Hackers have also aligned themselves with terrorist groups, including al Qaeda and the global jihad associated with it. After U.S. forces invaded Afghanistan in late 2001, a group of Pakistani hackers calling themselves the al Qaeda Alliance Online started defacing U.S. government Web sites with messages praising Osama bin Laden and condemning the U.S. invasion. That group disappeared, but others have taken its place, launching cyber attacks against U.S. and other Western sites in response to such incidents as the war in Iraq, publication of the Danish cartoons satirizing the prophet Muhammad, and the U.S. treatment of prisoners at Guantanamo Bay, Cuba. This "electronic jihad" is promoted on jihadist Web forums that coordinate the attacks and distribute information and software tools for hacking. The attacks have not been serious enough to warrant the label "cyber terrorism," but the potential is there for causing considerable damage against critical infrastructures such as power grids and oil and gas systems.

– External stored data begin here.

(* Let $n\ge 2$ and let $A_1,\dots,A_n$ be points in the plane lying on a circle $T$ with centre $O$. Let $\Gamma$ be a circle with centre $O$, and let $k$ be a positive integer with $k>\lfloor n/2\rfloor$. If $\sum_{i=1}^n |XA_i|^{2k}$ does not depend on the position of $X\in\Gamma$, then $A_1,\dots,A_n$ are the vertices of a regular $n$-gon (inscribed in $T$).
   Context: $|XA|$ denotes Euclidean distance; $\lfloor\cdot\rfloor$ is the integer part. *)

theory Defs
  imports Complex_Main
begin

definition regular_ngon :: "nat \<Rightarrow> complex \<Rightarrow> real \<Rightarrow> (nat \<Rightarrow> complex) \<Rightarrow> bool" where
  "regular_ngon n Oc r A \<longleftrightarrow>
     (\<exists>\<theta>::real. \<exists>\<sigma>::nat \<Rightarrow> nat. bij_betw \<sigma> {1..n} {1..n} \<and>
        (\<forall>i\<in>{1..n}. A i = Oc + complex_of_real r * cis (\<theta> + 2 * pi * real (\<sigma> i) / real n)))"

end

theory Submission
  imports Defs "HOL-Computational_Algebra.Polynomial"
begin

text \<open>Put \<open>A i = O + r w i\<close> and \<open>X = O + \<rho> z\<close> with \<open>|w i| = |z| = 1\<close>. Then
\<open>|X - A i|^2 = N(t) / t\<close> for \<open>t = -z / w i\<close>, where \<open>N(t) = \<rho>r + (\<rho>^2 + r^2) t + \<rho>r t^2\<close>.
Hence \<open>z^k \<Sum>i. |X - A i|^(2k)\<close> is a polynomial in \<open>z\<close> whose coefficient at \<open>z^(k-m)\<close> is,
up to sign, the coefficient of \<open>N^k\<close> at \<open>t^(k-m)\<close> times \<open>\<Sum>i. w i ^ m\<close>. As \<open>N^k\<close> has positive
coefficients, constancy on the circle forces the power sums \<open>p 1, \<dots>, p k\<close> of the \<open>w i\<close> to
vanish. Newton's identities then kill the coefficients of \<open>q = \<Prod>i. (X - w i)\<close> at
\<open>X^(n-1), \<dots>, X^(n-k)\<close>; since \<open>cnj (w i) = 1 / w i\<close>, the reflection of \<open>q\<close> is a multiple of the
conjugate product, so the coefficients at \<open>X^1, \<dots>, X^k\<close> vanish as well. For \<open>k > n/2\<close> this
leaves \<open>q = X^n - c\<close>, whose roots are simple: the \<open>w i\<close> are the \<open>n\<close> distinct \<open>n\<close>-th roots
of \<open>c\<close>.\<close>

lemma coeff_pCons3_mult:
  fixes a b c :: "'a::comm_semiring_1"
  shows "coeff ([:a, b, c:] * p) j = a * coeff p j + (if 1 \<le> j then b * coeff p (j - 1) else 0)
    + (if 2 \<le> j then c * coeff p (j - 2) else 0)"
  by (cases j; cases "j - 1") (simp_all add: mult_pCons_left add.assoc)

lemma coeff_trinomial_power_nonneg:
  fixes a b c :: "'a::linordered_semidom"
  assumes "0 \<le> a" "0 \<le> b" "0 \<le> c"
  shows "0 \<le> coeff ([:a, b, c:] ^ k) j"
proof (induction k arbitrary: j)
  case 0
  then show ?case by (simp add: coeff_1)
next
  case (Suc k)
  then show ?case
    using assms by (simp only: power_Suc coeff_pCons3_mult) (simp add: add_nonneg_nonneg)
qed

lemma coeff_trinomial_power_pos:
  fixes a b c :: "'a::linordered_semidom"
  assumes "0 < a" "0 < b" "0 < c" and "j \<le> 2 * k"
  shows "0 < coeff ([:a, b, c:] ^ k) j"
  using assms(4)
proof (induction k arbitrary: j)
  case 0
  then show ?case by (simp add: coeff_1)
next
  case (Suc k)
  let ?p = "[:a, b, c:] ^ k"
  let ?s1 = "a * coeff ?p j"
    and ?s2 = "if 1 \<le> j then b * coeff ?p (j - 1) else 0"
    and ?s3 = "if 2 \<le> j then c * coeff ?p (j - 2) else 0"
  have "0 \<le> coeff ?p i" for i
    using assms by (intro coeff_trinomial_power_nonneg) simp_all
  then have "0 \<le> ?s1" "0 \<le> ?s2" "0 \<le> ?s3"
    using assms by simp_all
  moreover have "0 < ?s1 \<or> 0 < ?s2 \<or> 0 < ?s3"
  proof -
    consider "j \<le> 2 * k" | "j = 1" | "2 \<le> j" "j - 2 \<le> 2 * k"
      using Suc.prems by fastforce
    then show ?thesis
      by cases (use Suc.IH assms in simp_all)
  qed
  ultimately have "0 < ?s1 + ?s2 + ?s3"
    by (meson add_nonneg_nonneg add_nonneg_pos add_pos_nonneg)
  then show ?case
    by (simp only: power_Suc coeff_pCons3_mult)
qed

lemma coeff_of_real_trinomial_power:
  "coeff ([:of_real a, of_real b, of_real c:] ^ k) j
     = (of_real (coeff ([:a, b, c:] ^ k) j) :: 'a::{comm_ring_1, real_algebra_1})"
proof (induction k arbitrary: j)
  case 0
  then show ?case by (simp add: coeff_1)
next
  case (Suc k)
  then show ?case by (simp only: power_Suc coeff_pCons3_mult) simp
qed

lemma infinite_unit_circle: "infinite {z::complex. cmod z = 1}"
proof -
  define f where "f n = Complex (1 / (real n + 1)) (sqrt (1 - (1 / (real n + 1))\<^sup>2))" for n
  have "inj f"
    by (rule injI) (auto simp: f_def)
  moreover have "range f \<subseteq> {z. cmod z = 1}"
    by (auto simp: f_def cmod_def power_le_one)
  ultimately show ?thesis
    using range_inj_infinite infinite_super by blast
qed

lemma poly_eq_0_if_vanishes_on_unit_circle:
  fixes p :: "complex poly"
  assumes "\<And>z. cmod z = 1 \<Longrightarrow> poly p z = 0"
  shows "p = 0"
  using assms poly_roots_finite[of p] infinite_unit_circle
  by (metis (mono_tags, lifting) mem_Collect_eq rev_finite_subset subsetI)

lemma of_real_norm_diff_power_on_unit_circle:
  fixes z w :: complex and \<rho> r :: real
  assumes z: "cmod z = 1" and w: "cmod w = 1"
  shows "z ^ k * of_real (cmod (of_real \<rho> * z - of_real r * w) ^ (2 * k))
    = (- w) ^ k * poly ([:of_real (\<rho> * r), of_real (\<rho>\<^sup>2 + r\<^sup>2), of_real (\<rho> * r):] ^ k) (- z / w)"
proof -
  let ?v = "of_real \<rho> * z - of_real r * w"
  define q where "q = poly [:of_real (\<rho> * r), of_real (\<rho>\<^sup>2 + r\<^sup>2), of_real (\<rho> * r):] (- z / w)"
  have "z \<noteq> 0" "w \<noteq> 0"
    using z w by auto
  have "cnj z = 1 / z" "cnj w = 1 / w"
    using complex_norm_square[of z] complex_norm_square[of w] z w \<open>z \<noteq> 0\<close> \<open>w \<noteq> 0\<close>
    by (simp_all add: field_simps)
  then have "of_real (cmod ?v ^ 2) = ?v * (of_real \<rho> / z - of_real r / w)"
    by (simp only: complex_norm_square) simp
  also have "\<dots> = (- w / z) * q"
    using \<open>z \<noteq> 0\<close> \<open>w \<noteq> 0\<close> by (simp add: q_def field_simps power2_eq_square)
  finally have "of_real (cmod ?v ^ (2 * k)) = ((- w / z) * q) ^ k"
    by (metis of_real_power power_mult)
  then have "z ^ k * of_real (cmod ?v ^ (2 * k)) = (z * ((- w / z) * q)) ^ k"
    by (simp only: power_mult_distrib)
  also have "z * ((- w / z) * q) = - w * q"
    using \<open>z \<noteq> 0\<close> by simp
  finally show ?thesis
    unfolding poly_power q_def[symmetric] by (simp only: power_mult_distrib)
qed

Although most of the conflict-related cyber attacks taking place today appear to originate with nonstate actors, governments have been blamed for launching some of them. China especially is fingered, but the Kremlin was accused of being behind the Estonian assault. Whereas the Chinese and Russian protest attacks were most likely the work of patriotic hackers operating on their own, it is possible these governments supported their efforts, or at least turned a blind eye. Regardless, most major governments are developing a cyber warfare capability, though details remain closely guarded secrets. If there is a silver lining, it is that cyber warfare may produce fewer casualties than conventional conflict as well as damages that are more quickly repaired. Instead of bombing a telecommunications hub and killing those in the vicinity, the objective of disrupting enemy communications on the battlefield might also be achieved through a cyber attack. Although a cyber attack, say against a power generator or military communications hub, could lead to casualties, in the near term, at least, physical weapons are far more lethal.

Addressing the cyber attacks against U.S. targets has been a challenge. Clearly, we need to defend our networks and computers, but this is not a problem the government alone can solve any more than it can defend our homes and offices from burglars. Rather, it requires knowledge and diligence on the part of each of us, along with considerable support from industry, such as more secure software. Industry efforts such as Microsoft's Trustworthy Computing Initiative help, but much remains to be done.

Government can help in four areas: defending its own networks; establishing and enforcing the law in cyberspace; promoting security through regulation and incentives; and funding research and education in security. Of these, the U.S. government has most effectively met the latter objective, perhaps because it is the easiest to accomplish. It has also been successful creating cyberspace law, though enforcement has been problematic owing to the difficulty of tracing and investigating cyber attacks, especially when they cross international borders. Yet effective law enforcement is critical for deterrence.

As for defending its own networks, many government agencies continue to flunk security assessments or succumb to cyber attacks, so there is ample room for improvement. Although the government has helped promote security in the private sector, it has generally avoided regulation, which in the end may become necessary, at least for software that controls crucial infrastructural and life-critical systems.

The White House's Comprehensive National Cybersecurity Initiative, a multiagency, multiyear plan established in January by the U.S. Department of Homeland Security, may address some of these needs. The plan calls for the government to set up a National Cyber Security Center to coordinate and integrate information for protecting U.S. networks and promoting collaboration among federal cyber groups. The jury is still out, however, on whether the initiative will be up to the task of strengthening the nation's cyber security posture.